ART | CRITIQUE

Hervé Télémaque

PFrançois Salmeron
@20 Mar 2015

D’Haïti à Paris, en passant par New York, Hervé Télémaque se nourrit de divers héritages et ouvre sa pratique à tout type de support (peinture, installation, assemblage, collage, fusain). Si ses œuvres témoignent avant tout d’une grande vitalité, elles s’avèrent également critiques envers les stéréotypes racistes du post-colonialisme.

Le nom d’Hervé Télémaque se trouve souvent associé à la Figuration narrative, apparue à la fin des années 1960 en France. Pourtant, son œuvre ne saurait se cantonner à ce seul courant. Car Hervé Télémaque a non seulement brassé différents styles, mais il a aussi expérimenté divers supports, renouvelant constamment sa pratique.

L’exposition du Centre Pompidou nous rappelle effectivement qu’il existe un premier Télémaque, précédant la Figuration narrative. Fuyant son île d’Haïti suite à l’arrivée au pouvoir de Duvalier en 1957, Hervé Télémaque atterrit à New York, mégapole en pleine effervescence. Une forte influence américaine se fait ressentir dans ses premières œuvres, à l’instar de L’Annonce faite à Marie ou de Quand j’appris la nouvelle, le vocabulaire pictural du jeune Télémaque évoquant alors les gestes libres de l’Expressionnisme abstrait en vogue à cette époque-là. Cette gestuelle si particulière s’accompagne encore de références aux racines haïtiennes d’Hervé Télémaque. Evoquant les origines de l’esclavage dans ses œuvres, l’artiste exprime aussi le spleen de son exil et le racisme qu’il côtoie quotidiennement à New York – racisme qu’il ne digère pas et qui le poussera à vite quitter la ville.

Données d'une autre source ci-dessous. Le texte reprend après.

(* Let $f_0,f_1,f_2\in\mathbb{C}[[z]]$ be in general position and let $R_j^{[n]}$ be as in the context. For $n\in\mathbb{N}$ put $k_2:=\deg R_1^{[n]}$, $k_1:=\deg R_2^{[n]}$, $k_0:=\deg R_3^{[n]}$ and $\mathbf{k}^{[n]}:=(k_0,k_1,k_2)$. Then $|\mathbf{k}^{[n]}|=k_0+k_1+k_2=n-1$, $$R_1^{[n]}f_2+R_2^{[n]}f_1+R_3^{[n]}f_0=O(z^{n+1}),$$ and $(R_3^{[n]},R_2^{[n]},R_1^{[n]})$ is a tuple of Hermite–Padé polynomials of type I for $[f_0,f_1,f_2]$ and the multiindex $\mathbf{k}^{[n]}$, with order of tangency $|\mathbf{k}^{[n]}|+2=n+1$.
   Context: For $g\in\mathbb{C}[[z]]$, $g=O(z^N)$ means the coefficients of $z^0,\dots,z^{N-1}$ vanish. For $\mathbf{k}=(k_0,\dots,k_m)\in\mathbb{Z}_+^{m+1}$, $|\mathbf{k}|=\sum k_j$, a tuple of polynomials $(Q_0,\dots,Q_m)$, not all zero, with $\deg Q_j\le k_j$ and $\sum_j Q_jf_j=O(z^{|\mathbf{k}|+m})$ is a tuple of Hermite–Padé polynomials of type I for $[f_0,\dots,f_m]$ and $\mathbf{k}$ ($|\mathbf{k}|+m$ is the order of tangency). Construction ($m=2$): put $f_j^{[0]}:=f_j$. For $n\ge0$: $c_j^{[n]}$ is the constant term of $f_j^{[n]}$, $a^{[n]}:=-c_2^{[n]}/c_1^{[n]}$, $b^{[n]}:=-c_1^{[n]}/c_0^{[n]}$, $f_2^{[n+1]}:=f_0^{[n]}$, $f_1^{[n+1]}:=z^{-1}(f_2^{[n]}+a^{[n]}f_1^{[n]})$, $f_0^{[n+1]}:=z^{-1}(f_1^{[n]}+b^{[n]}f_0^{[n]})$. Let $M^{[n]}:=\begin{pmatrix}0&0&z\\1&a^{[n]}&0\\0&1&b^{[n]}\end{pmatrix}$ and $A^{[n]}:=M^{[n]}\cdots M^{[0]}$, whose third row is $(R_1^{[n]},R_2^{[n]},R_3^{[n]})$. General position: all $c_j^{[n]}\neq0$, and for every $n\ge0$ and every entry of $A^{[n+1]}=M^{[n+1]}A^{[n]}$ (a sum of at most two products of an entry of $M^{[n+1]}$ and an entry of $A^{[n]}$), the degree of the entry equals the maximum of the degrees of these products (zero polynomial has degree $-\infty$). *)

theory Defs
  imports "HOL-Computational_Algebra.Computational_Algebra" "HOL-Library.Extended_Real"
begin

Son départ pour Paris en 1961 marque sa rencontre avec le Surréalisme d’André Breton, qui exerce une nouvelle influence décisive sur sa peinture. On reconnaît alors dans ses œuvres la présence d’objets issus du quotidien ainsi que des lettrages, des mots ou des expressions se mêlant à des motifs figuratifs ou plus abstraits. Surtout, Hervé Télémaque produit un étonnant syncrétisme entre ses racines haïtiennes, l’abstraction américaine, le surréalisme français, et la nouvelle vague Pop qui déferle sur le monde. Dans Présent, où es-tu?, on découvre un sac de charbon, ainsi que des coupures de journaux collées sur la toile, ou une boîte de conserve, suivant en cela le recyclage cher à la bande à Breton ou les collages dadaïstes. Ses compositions s’agrémentent de motifs aux couleurs flashy, inspirées du Pop Art, dont le style est également redevable à la «ligne claire» utilisée par les auteurs de BD, parmi lesquels Hervé Télémaque admire Hergé. L’influence de la bande-dessinée et des cartoons se manifeste encore dans les figures représentées, dont certaines sont issues de l’iconographie de Tex Avery, ou dans les bulles et les onomatopées parsemant les toiles.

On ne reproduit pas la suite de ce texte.